Recently the health insurance company Aetna announced that starting in 2017 it would no longer be selling policies through the Affordable Care Act exchanges in several states because it was losing too much money. Curiously, though, one of those states is Pennsylvania, where (according to Aetna itself, as Richard Mayhew pointed out) it made a healthy profit there in the individual market for at least the past two years, and it had expected to do the same next year. So why would Aetna want to withdraw from Pennsylvania?
The explanation might be politics. Aetna had been planning to merge with Humana, another large health insurer, but the Department of Justice Antitrust Division was concerned that the merger would be anticompetitive, and Aetna didn’t like that.
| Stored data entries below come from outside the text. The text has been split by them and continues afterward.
(* Let $n_1,n_2,n_3\ge 2$, $r\le\min\{n_1,n_2\}$, $b,c,\sigma>0$, and $\mathcal{X}^*=\mathcal{A}^*\diamond\mathcal{B}^*$ with $\mathcal{A}^*\in\mathbb{R}_+^{n_1\times r\times n_3}$, $\mathcal{B}^*\in\mathbb{R}_+^{r\times n_2\times n_3}$, $0\le\mathcal{X}^*_{ijk}\le c/2$, $0\le\mathcal{A}^*_{ijk}\le1$, $0\le\mathcal{B}^*_{ijk}\le b$. Let $4\le m\le n_1n_2n_3$, $\Omega\sim\mathrm{Bern}(\frac{m}{n_1n_2n_3})$, and $\mathcal{Y}_{ijk}=\mathcal{X}^*_{ijk}+\sigma\epsilon_{ijk}$ for $(i,j,k)\in\Omega$, with $\epsilon_{ijk}$ i.i.d. $N(0,1)$ (so $p_x$ is the $N(x,\sigma^2)$ density). Let $\beta=\max\left\{3,1+\frac{\log(3rn_3^{1.5}b/c)}{\log(n_1\vee n_2)}\right\}$, $\kappa=\frac{c^2}{2\sigma^2}$ and $\lambda=4(\beta+2)\left(1+\frac{2\kappa}{3}\right)\log(n_1\vee n_2)$. Then the estimator $\widetilde{\mathcal{X}}^\lambda$ satisfies \[ \frac{\mathbb{E}_{\Omega,\mathcal{Y}_\Omega}\|\widetilde{\mathcal{X}}^\lambda-\mathcal{X}^*\|_F^2}{n_1n_2n_3}\le\frac{22c^2\log(m)}{m}+16(3\sigma^2+2c^2)(\beta+2)\left(\frac{rn_1n_3+\|\mathcal{B}^*\|_0}{m}\right)\log(n_1\vee n_2). \]
   Context: Tensor-tensor product $\diamond$: for $\mathcal{X}\in\mathbb{R}^{n_1\times n_2\times n_3}$ with frontal slices $\mathbf{X}^{(1)},\dots,\mathbf{X}^{(n_3)}$ and $\mathcal{Y}\in\mathbb{R}^{n_2\times n_4\times n_3}$, $\mathcal{X}\diamond\mathcal{Y}$ is obtained by multiplying the block-circulant matrix with $(p,q)$ block $\mathbf{X}^{((p-q)\bmod n_3+1)}$ by the vertical stack of the frontal slices of $\mathcal{Y}$ and folding back. $\|\cdot\|_0$ counts nonzero entries, $\|\cdot\|_F$ is the Frobenius norm, $m\vee n=\max\{m,n\}$. $\Omega\sim\mathrm{Bern}(\gamma)$: each index included independently with probability $\gamma$. With $\vartheta=2^{\lceil\beta\log_2(n_1\vee n_2)\rceil}$, $\mathfrak{L}$ = tensors in $\mathbb{R}_+^{n_1\times r\times n_3}$ with entries among $\vartheta$ uniformly spaced levels of $[0,1]$; $\mathfrak{D}$ = tensors in $\mathbb{R}_+^{r\times n_2\times n_3}$ with entries $0$ or among $\vartheta$ uniformly spaced levels of $[0,b]$; $\Gamma=\{\mathcal{A}\diamond\mathcal{B}:\mathcal{A}\in\mathfrak{L},\mathcal{B}\in\mathfrak{D},0\le(\mathcal{A}\diamond\mathcal{B})_{ijk}\le c\}$. Estimator: $\widetilde{\mathcal{X}}^\lambda\in\arg\min_{\mathcal{X}=\mathcal{A}\diamond\mathcal{B}\in\Gamma}\{-\log p_{\mathcal{X}_\Omega}(\mathcal{Y}_\Omega)+\lambda\|\mathcal{B}\|_0\}$ with $p_{\mathcal{X}_\Omega}(\mathcal{Y}_\Omega)=\prod_{(i,j,k)\in\Omega}p_{\mathcal{X}_{ijk}}(\mathcal{Y}_{ijk})$. *)

theory Defs
  imports "HOL-Probability.Probability"
begin

type_synonym tensor = "nat \<Rightarrow> nat \<Rightarrow> nat \<Rightarrow> real"
type_synonym idx = "nat \<times> nat \<times> nat"

text \<open>Tensors are functions on 0-based indices; only entries with indices in range matter.
  Tensor-tensor product (t-product): output frontal slice k is
  sum over q of A^((k-q) mod n3) times B^(q).\<close>
definition tprod :: "nat \<Rightarrow> nat \<Rightarrow> tensor \<Rightarrow> tensor \<Rightarrow> tensor" where
  "tprod r n3 A B = (\<lambda>i j k. \<Sum>q<n3. \<Sum>l<r. A i l ((k + n3 - q) mod n3) * B l j q)"

definition index_set :: "nat \<Rightarrow> nat \<Rightarrow> nat \<Rightarrow> idx set" where
  "index_set n1 n2 n3 = {..<n1} \<times> {..<n2} \<times> {..<n3}"

definition frob_sq :: "nat \<Rightarrow> nat \<Rightarrow> nat \<Rightarrow> tensor \<Rightarrow> real" where
  "frob_sq n1 n2 n3 X = (\<Sum>i<n1. \<Sum>j<n2. \<Sum>k<n3. (X i j k)\<^sup>2)"

definition l0norm :: "nat \<Rightarrow> nat \<Rightarrow> nat \<Rightarrow> tensor \<Rightarrow> nat" where
  "l0norm r n2 n3 B = card {(l, j, k). l < r \<and> j < n2 \<and> k < n3 \<and> B l j k \<noteq> 0}"

definition levels :: "real \<Rightarrow> real \<Rightarrow> nat \<Rightarrow> real set" where
  "levels lo hi \<theta> = {lo + real t * (hi - lo) / (real \<theta> - 1) | t. t < \<theta>}"

definition quant_levels :: "real \<Rightarrow> nat \<Rightarrow> nat \<Rightarrow> nat" where
  "quant_levels \<beta> n1 n2 = 2 ^ nat \<lceil>\<beta> * log 2 (real (max n1 n2))\<rceil>"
In a July 5 letter to the Department of Justice (PDF here), Aetna’s chairman, Mark Bertolini, issued a warning: “Specifically, if the DOJ sues to enjoin the transaction, we will immediately take action to reduce our 2017 exchange footprint. … In other words, instead of expanding to 20 states next year, we would reduce our presence to no more than 10 states.”
The DOJ did decide to object to the merger, and Aetna did as it had warned. To be clear, Aetna presented this as a business necessity, not a threat. But it is curious that the company would pull out of a state where it was making money and employing and insuring a fair number of people. For more on this see Jonathan Cohn’s Huffington Post article.
Incidentally, Aetna and other health insurance companies actually have been losing money selling individual policies some other places, mainly because not enough currently healthy people are signing up for coverage. Younger and healthier people are not signing up because extra tax imposed on those who go uninsured isn’t all that big, they may not realize that coverage for silver plans (and you generally do want to get at least a silver plan) is affordable when you take into account the tax credit around 80 percent of people get, and a lot of them think that they can just wait and sign up if and when they get sick, which is only partly true, since open enrollment is limited to a few months a year and coverage doesn’t start immediately and isn’t retroactive.
So the most popular part of the law (the one that says insurance companies aren’t allowed to cancel your policy, refuse to sell you one, or charge you more because you’re sick or were in the past) depends on the least popular part (the so-called “individual mandate”) in order to be economically feasible, because math. More on this in future posts.